Yet even in opinion pieces, you need to be able to at least support your arguments.

A recent editorial at the New York Daily News, by way of Yahoo, fails that simple test.

This week, the U.S. Supreme Court overturned a lower court ruling that had struck down a Pennsylvania law barring people under 21 from carrying firearms openly during declared states of emergency. It’s hard to really celebrate this as a victory given how basic common sense it is — that judges had found it proper to allow 18-year-olds to walk around with drawn firearms during emergencies strains understanding.

Yet it’s still a small win that was tempered almost immediately by Buffalo Federal Judge John Sinatra who struck down a part of New York State’s 2022 gun law that had made it illegal to concealed-carry firearms into private property like stores and restaurants unless those locations affirmatively indicated they accepted such weapons. Once more, a judge has stepped in to toss uncertainty into the already dangerous panorama of U.S. gun culture and regulation.

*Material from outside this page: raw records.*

definition simple_graph :: "'a set \<Rightarrow> ('a \<Rightarrow> 'a \<Rightarrow> bool) \<Rightarrow> bool" where
  "simple_graph V E \<longleftrightarrow> finite V \<and>
     (\<forall>x y. E x y \<longrightarrow> x \<in> V \<and> y \<in> V \<and> x \<noteq> y \<and> E y x)"

text \<open>Final blue set obtained by exhaustively applying the forcing rule from B,
  where blk x y means that x is not allowed to force y.\<close>
inductive_set closure :: "('a \<Rightarrow> 'a \<Rightarrow> bool) \<Rightarrow> ('a \<Rightarrow> 'a \<Rightarrow> bool) \<Rightarrow> 'a set \<Rightarrow> 'a set"
  for E blk B where
  base: "b \<in> B \<Longrightarrow> b \<in> closure E blk B"
| force: "\<lbrakk>u \<in> closure E blk B; E u w; \<not> blk u w;
          \<And>z. E u z \<Longrightarrow> z \<noteq> w \<Longrightarrow> z \<in> closure E blk B\<rbrakk>
          \<Longrightarrow> w \<in> closure E blk B"

definition leaky_forcing_set :: "'a set \<Rightarrow> ('a \<Rightarrow> 'a \<Rightarrow> bool) \<Rightarrow> 'a set \<Rightarrow> nat \<Rightarrow> bool" where
  "leaky_forcing_set V E B l \<longleftrightarrow>
     (\<forall>L. L \<subseteq> V \<and> card L \<le> l \<longrightarrow> closure E (\<lambda>x y. x \<in> L) B = V)"
lemma bij_swap_middle_digits:
  "bij_betw (swap_middle_digits b c d) {..<a * c * (b * d)} {..<a * b * (c * d)}"
proof (rule bij_betw_byWitness[where f' = "swap_middle_digits c b d"])
  show "\<forall>t\<in>{..<a * c * (b * d)}. swap_middle_digits c b d (swap_middle_digits b c d t) = t"
    by (auto elim!: mixed_radix_cases4 simp: swap_middle_digits)
  show "\<forall>t\<in>{..<a * b * (c * d)}. swap_middle_digits b c d (swap_middle_digits c b d t) = t"
    by (auto elim!: mixed_radix_cases4 simp: swap_middle_digits)
  show "swap_middle_digits b c d ` {..<a * c * (b * d)} \<subseteq> {..<a * b * (c * d)}"
    by (auto elim!: mixed_radix_cases4 simp: swap_middle_digits intro!: mixed_radix_less)
  show "swap_middle_digits c b d ` {..<a * b * (c * d)} \<subseteq> {..<a * c * (b * d)}"
    by (auto elim!: mixed_radix_cases4 simp: swap_middle_digits intro!: mixed_radix_less)
qed

lemma rearr_carrier:
  assumes "C \<in> carrier_mat (2 ^ k * p) (2 ^ l * q)"
  shows "rearr k l C \<in> carrier_mat (2 ^ k * 2 ^ l) (p * q)"
  using assms unfolding rearr_def Let_def by (simp add: power_add)

lemma rearr_index:
  assumes "C \<in> carrier_mat (2 ^ k * p) (2 ^ l * q)"
    and "i < 2 ^ k" "j < 2 ^ l" "r < p" "s < q"
  shows "rearr k l C $$ (i * 2 ^ l + j, r * q + s) = C $$ (i * p + r, j * q + s)"
  using assms unfolding rearr_def Let_def by (simp add: power_add mixed_radix_less)

text \<open>If \<open>c = 1\<close> then \<open>i' = 0\<close>, and if \<open>p = 1\<close> then \<open>r = 0\<close>: either way the index splits at
  the block boundary of the Kronecker product.\<close>
lemma block_index_regroup:
  assumes "c = 1 \<or> p = 1" "i' < c" "r < (p::nat)"
  shows "(i * c + i') * (p * p') + (r * p' + r') = (i * p + r) * (c * p') + (i' * p' + r')"
  using assms by (auto simp: algebra_simps)

lemma rearr_kron_index:
  assumes A: "A \<in> carrier_mat (2 ^ a * p) (2 ^ b * q)" and B: "B \<in> carrier_mat (2 ^ c * p') (2 ^ d * q')"
    and rows: "c = 0 \<or> p = 1" and cols: "d = 0 \<or> q = 1"
    and i: "i < 2 ^ a" "i' < 2 ^ c" and j: "j < 2 ^ b" "j' < 2 ^ d"
    and r: "r < p" "r' < p'" and s: "s < q" "s' < q'"
  shows "rearr (a + c) (b + d) (kron A B) $$
           ((i * 2 ^ c + i') * (2 ^ b * 2 ^ d) + (j * 2 ^ d + j'), (r * p' + r') * (q * q') + (s * q' + s'))
       = kron (rearr a b A) (rearr c d B) $$
           ((i * 2 ^ b + j) * (2 ^ c * 2 ^ d) + (i' * 2 ^ d + j'), (r * q + s) * (p' * q') + (r' * q' + s'))"
proof -
  have K: "kron A B \<in> carrier_mat (2 ^ (a + c) * (p * p')) (2 ^ (b + d) * (q * q'))"
    using kron_carrier[of A B] A B by (simp add: power_add mult_ac)
  have "i * 2 ^ c + i' < 2 ^ (a + c)" "j * 2 ^ d + j' < 2 ^ (b + d)"
    using mixed_radix_less i j by (auto simp: power_add)
  moreover have "r * p' + r' < p * p'" "s * q' + s' < q * q'"
    using mixed_radix_less r s by auto
  ultimately have "rearr (a + c) (b + d) (kron A B) $$
           ((i * 2 ^ c + i') * (2 ^ b * 2 ^ d) + (j * 2 ^ d + j'), (r * p' + r') * (q * q') + (s * q' + s'))
      = kron A B $$ ((i * 2 ^ c + i') * (p * p') + (r * p' + r'), (j * 2 ^ d + j') * (q * q') + (s * q' + s'))"
    using rearr_index[OF K] by (simp add: power_add)
  also have "\<dots> = kron A B $$ ((i * p + r) * (2 ^ c * p') + (i' * p' + r'), (j * q + s) * (2 ^ d * q') + (j' * q' + s'))"
    using rows cols i j r s by (simp add: block_index_regroup)
  also have "\<dots> = A $$ (i * p + r, j * q + s) * B $$ (i' * p' + r', j' * q' + s')"
    using kron_index[of "i * p + r" A "i' * p' + r'" B] A B i j r s by (simp add: mixed_radix_less)
  also have "\<dots> = rearr a b A $$ (i * 2 ^ b + j, r * q + s) * rearr c d B $$ (i' * 2 ^ d + j', r' * q' + s')"
    using rearr_index A B i j r s by simp
  also have "\<dots> = kron (rearr a b A) (rearr c d B) $$
           ((i * 2 ^ b + j) * (2 ^ c * 2 ^ d) + (i' * 2 ^ d + j'), (r * q + s) * (p' * q') + (r' * q' + s'))"
    using kron_index[of "i * 2 ^ b + j" "rearr a b A" "i' * 2 ^ d + j'" "rearr c d B" "r * q + s" "r' * q' + s'"]
      rearr_carrier[OF A] rearr_carrier[OF B] i j r s
    by (simp add: mixed_radix_less carrier_matD)
  finally show ?thesis .
qed
lemma sum_blocking_pairs_sharing_edge_le:
  fixes P :: "('v set \<times> nat) set \<Rightarrow> real"
  assumes "D \<in> blocking_pairs E L \<sigma>" "finite (blocking_pairs E L \<sigma>)"
    and "\<forall>C\<in>blocking_pairs E L \<sigma>. 0 \<le> P C"
    and "\<forall>e\<in>E. (\<Sum>C\<in>{C \<in> blocking_pairs E L \<sigma>. e \<in> fst ` C}. P C) \<le> s"
  shows "(\<Sum>C\<in>{C \<in> blocking_pairs E L \<sigma>. fst ` C \<inter> fst ` D \<noteq> {}}. P C) \<le> 2 * s"
proof -
  let ?B = "blocking_pairs E L \<sigma>"
  obtain e f c c' where D: "D = {(e, c), (f, c')}" "e \<in> E" "f \<in> E"
    using assms(1) by (rule blocking_pairE)
  have "{C \<in> ?B. fst ` C \<inter> fst ` D \<noteq> {}} = ?B \<inter> ({C. e \<in> fst ` C} \<union> {C. f \<in> fst ` C})"
    using D(1) by auto
  then have "(\<Sum>C\<in>{C \<in> ?B. fst ` C \<inter> fst ` D \<noteq> {}}. P C)
      = wmeasure P ?B ({C. e \<in> fst ` C} \<union> {C. f \<in> fst ` C})"
    by (simp add: wmeasure_def)
  also have "\<dots> \<le> wmeasure P ?B {C. e \<in> fst ` C} + wmeasure P ?B {C. f \<in> fst ` C}"
    using assms(2,3) by (rule wmeasure_Un_le)
  also have "\<dots> \<le> 2 * s"
  proof -
    have "wmeasure P ?B {C. e \<in> fst ` C} \<le> s" "wmeasure P ?B {C. f \<in> fst ` C} \<le> s"
      using assms(4) D(2,3) by (simp_all add: wmeasure_def Int_def)
    then show ?thesis by linarith
  qed
  finally show ?thesis .
qed

lemma is_colouring_exists_if_edge_sums_le:
  fixes p :: "'v set \<Rightarrow> nat \<Rightarrow> real"
  assumes "finite E" "\<forall>e\<in>E. finite (L e)"
    and p_nonneg: "\<forall>e\<in>E. \<forall>c\<in>L e. 0 \<le> p e c" and p_sum: "\<forall>e\<in>E. sum (p e) (L e) = 1"
    and edge_sums: "\<forall>e\<in>E. (\<Sum>D\<in>{D \<in> blocking_pairs E L \<sigma>. e \<in> fst ` D}. \<Prod>(i, c)\<in>D. p i c) \<le> 1/8"
  shows "\<exists>\<gamma>. is_colouring E L \<sigma> \<gamma>"
proof -
  let ?B = "blocking_pairs E L \<sigma>"
  let ?w = "\<lambda>g. \<Prod>e\<in>E. p e (g e)"
  have fin_B: "finite ?B"
    using assms(1,2) by (intro finite_subset[OF blocking_pairs_subset]) auto
  have P_nonneg: "\<forall>C\<in>?B. 0 \<le> (\<Prod>(i, c)\<in>C. p i c)"
    using blocking_pairs_subset[of E L \<sigma>] p_nonneg by (fastforce intro: prod_nonneg)
  have indep: "wmeasure ?w (PiE E L) (cylinder D \<inter> avoiding cylinder S)
      \<le> (\<Prod>(i, c)\<in>D. p i c) * wmeasure ?w (PiE E L) (avoiding cylinder S)"
    if "D \<in> ?B" "\<And>C. C \<in> S \<Longrightarrow> \<not> fst ` C \<inter> fst ` D \<noteq> {}" for D S
  proof -
    have "determined_by (avoiding cylinder S) (- fst ` D)"
      using that(2) by (intro determined_by_avoiding determined_by_mono[OF determined_by_cylinder]) auto
    then show ?thesis
      using that(1) assms(1,2) p_sum blocking_pairs_subset inj_on_fst_blocking_pair
      by (subst wmeasure_PiE_cylinder) (auto elim: blocking_pairE)
  qed
  have dep_sums: "(\<Sum>C\<in>{C \<in> ?B. fst ` C \<inter> fst ` D \<noteq> {}}. \<Prod>(i, c)\<in>C. p i c) \<le> 1/4" if "D \<in> ?B" for D
    using sum_blocking_pairs_sharing_edge_le[OF that fin_B P_nonneg edge_sums] by simp
  have "PiE E L \<inter> avoiding cylinder ?B \<noteq> {}"
  proof (rule lovasz_local_lemma_quarter[where P = "\<lambda>D. \<Prod>(i, c)\<in>D. p i c"
        and dep = "\<lambda>C D. fst ` C \<inter> fst ` D \<noteq> {}"])
    show "finite (PiE E L)"
      using assms(1,2) by (simp add: finite_PiE)
    show "\<forall>g\<in>PiE E L. 0 \<le> ?w g"
      using p_nonneg by (auto intro: prod_nonneg)
    show "0 < sum ?w (PiE E L)"
      using prod_sum_PiE[of E L p, symmetric] assms(1,2) p_sum by simp
  qed (use fin_B indep P_nonneg dep_sums in \<open>auto elim: blocking_pairE\<close>)
  then show ?thesis
    using is_colouring_if_avoiding_blocking_pairs by blast
qed

lemma sum_Nbhd_normalised_weight_le:
  assumes "weighted_list_assignment E L \<mu>" "0 < l" "\<forall>f\<in>E. l \<le> list_weight \<mu> L f"
    and "weight \<mu> (Nbhd E L \<sigma> e v c) \<le> n"
  shows "(\<Sum>(f, c')\<in>Nbhd E L \<sigma> e v c. \<mu> f c' / list_weight \<mu> L f) \<le> n / l"
proof -
  have "\<mu> f c' / list_weight \<mu> L f \<le> \<mu> f c' / l" if "f \<in> E" "c' \<in> L f" for f c'
    using assms(1-3) that by (intro divide_left_mono) (fastforce simp: weighted_list_assignment_def)+
  then have "(\<Sum>(f, c')\<in>Nbhd E L \<sigma> e v c. \<mu> f c' / list_weight \<mu> L f)
      \<le> (\<Sum>(f, c')\<in>Nbhd E L \<sigma> e v c. \<mu> f c' / l)"
    by (intro sum_mono) (auto simp: Nbhd_def)
  also have "\<dots> \<le> n / l"
    using assms(2,4) by (simp add: weight_def split_def sum_divide_distrib[symmetric] divide_right_mono)
  finally show ?thesis .
qed

lemma eight_mult_le_if_three_exp_one_mult_le:
  fixes a b :: real
  assumes "3 * exp 1 * a \<le> b" "0 \<le> a"
  shows "8 * a \<le> b"
proof -
  have "8 / 3 \<le> exp (1::real)"
    using e_approx_32 unfolding abs_le_iff by simp
  then have "8 * a \<le> 3 * exp 1 * a"
    using \<open>0 \<le> a\<close> by (intro mult_right_mono) auto
  then show ?thesis
    using assms(1) by linarith
qed

theorem lemma2p1:
  fixes V :: "'v set" and E :: "'v set set" and k :: nat
    and L :: "'v set \<Rightarrow> nat set" and \<mu> :: "'v set \<Rightarrow> nat \<Rightarrow> real"
    and \<sigma> :: "'v set \<Rightarrow> 'v set \<Rightarrow> nat \<Rightarrow> nat" and l n :: real
  assumes "finite V"
    and "k_uniform k V E"
    and "linear_hg E"
    and "edge_correspondence E \<sigma>"
    and "weighted_list_assignment E L \<mu>"
    and "\<forall>e\<in>E. finite (L e)"
    and "l > 0" and "n > 0"
    and "\<forall>e\<in>E. l / n \<ge> 3 * exp 1 * real k"
    and "\<forall>e\<in>E. list_weight \<mu> L e \<ge> l"
    and "\<forall>e\<in>E. \<forall>v\<in>e. \<forall>c\<in>L e. weight \<mu> (Nbhd E L \<sigma> e v c) \<le> n"
  shows "\<exists>\<gamma>. is_colouring E L \<sigma> \<gamma>"
proof -
  have "finite E"
    using assms(1,2) unfolding k_uniform_def by (meson Pow_iff finite_Pow_iff finite_subset subsetI)
  have colours: "\<forall>e\<in>E. L e \<subseteq> colours"
    using assms(5) by (simp add: weighted_list_assignment_def)
  define p where "p e c = \<mu> e c / list_weight \<mu> L e" for e c
  have p_nonneg: "\<forall>e\<in>E. \<forall>c\<in>L e. 0 \<le> p e c"
    using assms(5,7,10) by (fastforce simp: p_def weighted_list_assignment_def)
  have p_sum: "\<forall>e\<in>E. sum (p e) (L e) = 1"
    using assms(7,10) by (auto simp: p_def list_weight_def sum_divide_distrib[symmetric])
  have Nbhd_le: "\<forall>e\<in>E. \<forall>v\<in>e. \<forall>c\<in>L e. (\<Sum>(f, c')\<in>Nbhd E L \<sigma> e v c. p f c') \<le> n / l"
    unfolding p_def using assms(5,7,10,11) by (blast intro: sum_Nbhd_normalised_weight_le)
  have "(\<Sum>D\<in>{D \<in> blocking_pairs E L \<sigma>. e \<in> fst ` D}. \<Prod>(i, c)\<in>D. p i c) \<le> 1/8" if "e \<in> E" for e
  proof -
    have "8 * real k \<le> l / n"
      using assms(9) that by (intro eight_mult_le_if_three_exp_one_mult_le) auto
    then have "card e * (n / l) \<le> 1/8"
      using assms(2,7,8) that by (simp add: k_uniform_def field_simps)
    moreover have "(\<Sum>D\<in>{D \<in> blocking_pairs E L \<sigma>. e \<in> fst ` D}. \<Prod>(i, c)\<in>D. p i c) \<le> card e * (n / l)"
      using assms(2,4,6) \<open>finite E\<close> colours p_nonneg p_sum Nbhd_le that
      by (intro sum_blocking_pairs_containing_edge_le) (auto simp: k_uniform_def)
    ultimately show ?thesis
      by linarith
  qed
  then show ?thesis
    using assms(6) \<open>finite E\<close> p_nonneg p_sum by (intro is_colouring_exists_if_edge_sums_le) auto
qed

end
(* Let $G$ be a planar graph that is a subgraph of some plane triangulation $T$ whose geometric dual $T^*$ admits a $2$-factor consisting of at most two cycles. Then $\chi_1(G) \le 2$.
   Context: All graphs are finite and simple. A mapping $f : V(G) \to E(G) \cup \{\emptyset\}$ is a $1$-selection of $G$ if for every $v \in V(G)$ either $f(v)$ is an edge incident with $v$ or $f(v) = \emptyset$. The graph $G_f$ is obtained from $G$ by deleting all edges in $f(V(G))$. The robust chromatic number is $\chi_1(G) = \min_f \chi(G_f)$ over all $1$-selections $f$ of $G$. A plane triangulation is a simple plane graph in which every face is bounded by a $3$-cycle. The geometric dual $T^*$ of a plane graph $T$ has a vertex for each face of $T$ and, for each edge $e$ of $T$, an edge joining the vertices corresponding to the two faces incident with $e$ (it may be a multigraph). A $2$-factor is a $2$-regular spanning subgraph. *)

theory Defs
  imports Main
begin

definition simple_graph :: "'a set \<Rightarrow> 'a set set \<Rightarrow> bool" where
  "simple_graph V E \<longleftrightarrow> finite V \<and>
     (\<forall>e\<in>E. \<exists>u v. e = {u, v} \<and> u \<noteq> v \<and> u \<in> V \<and> v \<in> V)"

definition subgraph :: "'a set \<Rightarrow> 'a set set \<Rightarrow> 'a set \<Rightarrow> 'a set set \<Rightarrow> bool" where
  "subgraph VH EH V E \<longleftrightarrow> simple_graph VH EH \<and> VH \<subseteq> V \<and> EH \<subseteq> E"

definition colorable :: "'a set \<Rightarrow> 'a set set \<Rightarrow> nat \<Rightarrow> bool" where
  "colorable V E k \<longleftrightarrow> (\<exists>c :: 'a \<Rightarrow> nat. (\<forall>v\<in>V. c v < k) \<and>
      (\<forall>u v. {u, v} \<in> E \<longrightarrow> u \<noteq> v \<longrightarrow> c u \<noteq> c v))"

definition chromatic_number :: "'a set \<Rightarrow> 'a set set \<Rightarrow> nat" where
  "chromatic_number V E = (LEAST k. colorable V E k)"

text \<open>1-selections: None plays the role of the empty selection.\<close>
definition one_selection :: "'a set \<Rightarrow> 'a set set \<Rightarrow> ('a \<Rightarrow> 'a set option) \<Rightarrow> bool" where
  "one_selection V E f \<longleftrightarrow>
     (\<forall>v\<in>V. f v = None \<or> (\<exists>e. f v = Some e \<and> e \<in> E \<and> v \<in> e))"

definition selected_removed :: "'a set \<Rightarrow> 'a set set \<Rightarrow> ('a \<Rightarrow> 'a set option) \<Rightarrow> 'a set set" where
  "selected_removed V E f = E - {e. \<exists>v\<in>V. f v = Some e}"

definition robust_chromatic_number :: "'a set \<Rightarrow> 'a set set \<Rightarrow> nat" where
  "robust_chromatic_number V E =
     (LEAST k. \<exists>f. one_selection V E f \<and> chromatic_number V (selected_removed V E f) = k)"

text \<open>Plane triangulations, represented combinatorially as triangulated 2-spheres:
  a simple connected graph (V,E) with a finite set F of faces, each face f having as
  boundary bd f a triangle of the graph; every edge lies on exactly two faces; the link
  of every vertex is connected (hence a single cycle); and Euler's formula V - E + F = 2
  holds (so the surface is the sphere).\<close>
definition graph_connected :: "'a set \<Rightarrow> 'a set set \<Rightarrow> bool" where
  "graph_connected V E \<longleftrightarrow>
     (\<forall>u\<in>V. \<forall>w\<in>V. (u, w) \<in> {(x, y). {x, y} \<in> E}\<^sup>*)"

definition vertex_link_connected ::
    "'a set set \<Rightarrow> 'f set \<Rightarrow> ('f \<Rightarrow> 'a set) \<Rightarrow> 'a \<Rightarrow> bool" where
  "vertex_link_connected E F bd v \<longleftrightarrow>
     (\<forall>w u. {v, w} \<in> E \<longrightarrow> {v, u} \<in> E \<longrightarrow>
        (w, u) \<in> {(x, y). \<exists>f\<in>F. bd f = {v, x, y}}\<^sup>*)"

One thing all this back-and-forth highlights is that it doesn’t make much sense to run gun control policy in a way that is constantly subject to reinterpretation at the whim of the courts. In this case, the Supreme Court made the right call; in others, it has gone the opposite way, such as with the 2022 ruling against longtime New York gun limits, which itself precipitated the concealed carry gun laws that Sinatra just overturned.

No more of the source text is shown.